Stored records
BEGIN

definition is_ideal :: "'a::comm_ring_1 set \<Rightarrow> bool" where
  "is_ideal I \<longleftrightarrow> module.subspace ((*) :: 'a \<Rightarrow> 'a \<Rightarrow> 'a) I"

definition noetherian_ring :: "'a::comm_ring_1 itself \<Rightarrow> bool" where
  "noetherian_ring _ \<longleftrightarrow>
     (\<forall>I :: 'a set. is_ideal I \<longrightarrow> (\<exists>F. finite F \<and> I = module.span (*) F))"

definition prime_ideal :: "'a::comm_ring_1 set \<Rightarrow> bool" where
  "prime_ideal P \<longleftrightarrow> is_ideal P \<and> P \<noteq> UNIV \<and> (\<forall>a b. a * b \<in> P \<longrightarrow> a \<in> P \<or> b \<in> P)"

definition Spec :: "'a::comm_ring_1 set set" where
  "Spec = {P. prime_ideal P}"

text \<open>Zariski-closed subsets of Spec are the sets V(J) = {p. J \<subseteq> p}; a subset Y of X is
 closed in the subspace topology of X iff Y = X \<inter> V(J) for some J.\<close>
definition zariski_closed_in :: "'a::comm_ring_1 set set \<Rightarrow> 'a set set \<Rightarrow> bool" where
  "zariski_closed_in X Y \<longleftrightarrow> (\<exists>J :: 'a set. Y = {p \<in> X. J \<subseteq> p})"

definition basic_set :: "'a::comm_ring_1 set set \<Rightarrow> bool" where
  "basic_set X \<longleftrightarrow> X \<subseteq> Spec \<and>
     (\<forall>F. F \<subseteq> X \<longrightarrow> prime_ideal (\<Inter>F) \<longrightarrow> \<Inter>F \<in> X)"

definition finitely_generated :: "('a::comm_ring_1 \<Rightarrow> 'm::ab_group_add \<Rightarrow> 'm) \<Rightarrow> bool" where
  "finitely_generated scale \<longleftrightarrow> (\<exists>F. finite F \<and> module.span scale F = UNIV)"

definition dual_submodule ::
  "('a::comm_ring_1 \<Rightarrow> 'm::ab_group_add \<Rightarrow> 'm) \<Rightarrow> ('m \<Rightarrow> 'a) set \<Rightarrow> bool" where
  "dual_submodule scale E \<longleftrightarrow>
     E \<subseteq> {f. module_hom scale (*) f} \<and> (\<lambda>_. 0) \<in> E \<and>
     (\<forall>f\<in>E. \<forall>g\<in>E. (\<lambda>m. f m + g m) \<in> E) \<and>
     (\<forall>r. \<forall>f\<in>E. (\<lambda>m. r * f m) \<in> E)"

definition loc_rel :: "('a::comm_ring_1 \<Rightarrow> 'm::ab_group_add \<Rightarrow> 'm) \<Rightarrow> 'a set \<Rightarrow> (('m \<times> 'a) \<times> ('m \<times> 'a)) set" where
  "loc_rel scale p = {((m, s), (m', s')). s \<notin> p \<and> s' \<notin> p \<and>
      (\<exists>u. u \<notin> p \<and> scale u (scale s' m - scale s m') = 0)}"

definition frac :: "('a::comm_ring_1 \<Rightarrow> 'm::ab_group_add \<Rightarrow> 'm) \<Rightarrow> 'a set \<Rightarrow> 'm \<Rightarrow> 'a \<Rightarrow> ('m \<times> 'a) set" where
  "frac scale p m s = loc_rel scale p `` {(m, s)}"

text \<open>The carrier of M_p (for scale = (*) this is R_p).\<close>
definition loc :: "('a::comm_ring_1 \<Rightarrow> 'm::ab_group_add \<Rightarrow> 'm) \<Rightarrow> 'a set \<Rightarrow> ('m \<times> 'a) set set" where
  "loc scale p = {frac scale p m s | m s. s \<notin> p}"

definition loc_rep :: "('a::comm_ring_1 \<Rightarrow> 'm::ab_group_add \<Rightarrow> 'm) \<Rightarrow> 'a set \<Rightarrow> ('m \<times> 'a) set \<Rightarrow> 'm \<times> 'a" where
  "loc_rep scale p x = (SOME (m, s). s \<notin> p \<and> x = frac scale p m s)"

definition loc_zero :: "('a::comm_ring_1 \<Rightarrow> 'm::ab_group_add \<Rightarrow> 'm) \<Rightarrow> 'a set \<Rightarrow> ('m \<times> 'a) set" where
  "loc_zero scale p = frac scale p 0 1"

definition loc_add :: "('a::comm_ring_1 \<Rightarrow> 'm::ab_group_add \<Rightarrow> 'm) \<Rightarrow> 'a set \<Rightarrow>
    ('m \<times> 'a) set \<Rightarrow> ('m \<times> 'a) set \<Rightarrow> ('m \<times> 'a) set" where
  "loc_add scale p x y =
     (case loc_rep scale p x of (m, s) \<Rightarrow> case loc_rep scale p y of (n, t) \<Rightarrow>
        frac scale p (scale t m + scale s n) (s * t))"

definition loc_smul :: "('a::comm_ring_1 \<Rightarrow> 'm::ab_group_add \<Rightarrow> 'm) \<Rightarrow> 'a set \<Rightarrow>
    ('a \<times> 'a) set \<Rightarrow> ('m \<times> 'a) set \<Rightarrow> ('m \<times> 'a) set" where
  "loc_smul scale p a x =
     (case loc_rep (*) p a of (r, u) \<Rightarrow> case loc_rep scale p x of (m, s) \<Rightarrow>
        frac scale p (scale r m) (u * s))"

definition loc_submodule :: "('a::comm_ring_1 \<Rightarrow> 'm::ab_group_add \<Rightarrow> 'm) \<Rightarrow> 'a set \<Rightarrow>
    ('m \<times> 'a) set set \<Rightarrow> bool" where
  "loc_submodule scale p N \<longleftrightarrow> N \<subseteq> loc scale p \<and> loc_zero scale p \<in> N \<and>
     (\<forall>x\<in>N. \<forall>y\<in>N. loc_add scale p x y \<in> N) \<and>
     (\<forall>a\<in>loc (*) p. \<forall>x\<in>N. loc_smul scale p a x \<in> N)"

primrec loc_lincomb :: "('a::comm_ring_1 \<Rightarrow> 'm::ab_group_add \<Rightarrow> 'm) \<Rightarrow> 'a set \<Rightarrow>
    (nat \<Rightarrow> ('a \<times> 'a) set) \<Rightarrow> (nat \<Rightarrow> ('m \<times> 'a) set) \<Rightarrow> nat \<Rightarrow> ('m \<times> 'a) set" where
  "loc_lincomb scale p a b 0 = loc_zero scale p"
| "loc_lincomb scale p a b (Suc n) =
     loc_add scale p (loc_lincomb scale p a b n) (loc_smul scale p (a n) (b n))"

text \<open>E_p viewed inside Hom_{R_p}(M_p, R_p): the maps m/u \<mapsto> f(m)/(s u) with f \<in> E, s \<notin> p.
 Only the values on the carrier of M_p matter.\<close>
definition loc_dual :: "('a::comm_ring_1 \<Rightarrow> 'm::ab_group_add \<Rightarrow> 'm) \<Rightarrow> 'a set \<Rightarrow> ('m \<Rightarrow> 'a) set \<Rightarrow>
    (('m \<times> 'a) set \<Rightarrow> ('a \<times> 'a) set) set" where
  "loc_dual scale p E = {\<phi>. \<exists>f\<in>E. \<exists>s. s \<notin> p \<and>
      (\<forall>m u. u \<notin> p \<longrightarrow> \<phi> (frac scale p m u) = frac (*) p (f m) (s * u))}"

definition loc_span :: "('a::comm_ring_1 \<Rightarrow> 'm::ab_group_add \<Rightarrow> 'm) \<Rightarrow> 'a set \<Rightarrow> 'm set \<Rightarrow> ('m \<times> 'a) set set" where
  "loc_span scale p S = {frac scale p m u | m u. m \<in> module.span scale S \<and> u \<notin> p}"

text \<open>F is a free E_p-summand of M_p of rank n: F \<oplus> G = M_p, F \<cong> R_p^n via the basis b
 (a \<mapsto> \<Sum> a_i b_i is a bijection R_p^n \<rightarrow> F), and the i-th coordinate of the projection
 M_p \<rightarrow> F \<cong> R_p^n along G is a map \<phi> i lying in E_p.\<close>
definition free_E_summand :: "('a::comm_ring_1 \<Rightarrow> 'm::ab_group_add \<Rightarrow> 'm) \<Rightarrow> 'a set \<Rightarrow> ('m \<Rightarrow> 'a) set \<Rightarrow>
    nat \<Rightarrow> ('m \<times> 'a) set set \<Rightarrow> bool" where
  "free_E_summand scale p E n F \<longleftrightarrow>
    (\<exists>G b \<phi>.
       loc_submodule scale p F \<and> loc_submodule scale p G \<and>
       F \<inter> G = {loc_zero scale p} \<and>
       (\<forall>x\<in>loc scale p. \<exists>y\<in>F. \<exists>z\<in>G. x = loc_add scale p y z) \<and>
       (\<forall>i<n. b i \<in> F) \<and>
       (\<forall>y\<in>F. \<exists>a. (\<forall>i<n. a i \<in> loc (*) p) \<and> y = loc_lincomb scale p a b n) \<and>
       (\<forall>a a'. (\<forall>i<n. a i \<in> loc (*) p \<and> a' i \<in> loc (*) p) \<longrightarrow>
           loc_lincomb scale p a b n = loc_lincomb scale p a' b n \<longrightarrow> (\<forall>i<n. a i = a' i)) \<and>
       (\<forall>i<n. \<phi> i \<in> loc_dual scale p E) \<and>
       (\<forall>x\<in>loc scale p. \<forall>y\<in>F. \<forall>z\<in>G. x = loc_add scale p y z \<longrightarrow>
           y = loc_lincomb scale p (\<lambda>i. \<phi> i x) b n))"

END

ACTION ITEM:
In the records above, find the line with "m \<in> module.span"; write out exactly that line and each one after it, stopping after the line with "text \<open>F is".

WRITTEN SOLUTION:
  "loc_span scale p S = {frac scale p m u | m u. m \<in> module.span scale S \<and> u \<notin> p}"

text \<open>F is a free E_p-summand of M_p of rank n: F \<oplus> G = M_p, F \<cong> R_p^n via the basis b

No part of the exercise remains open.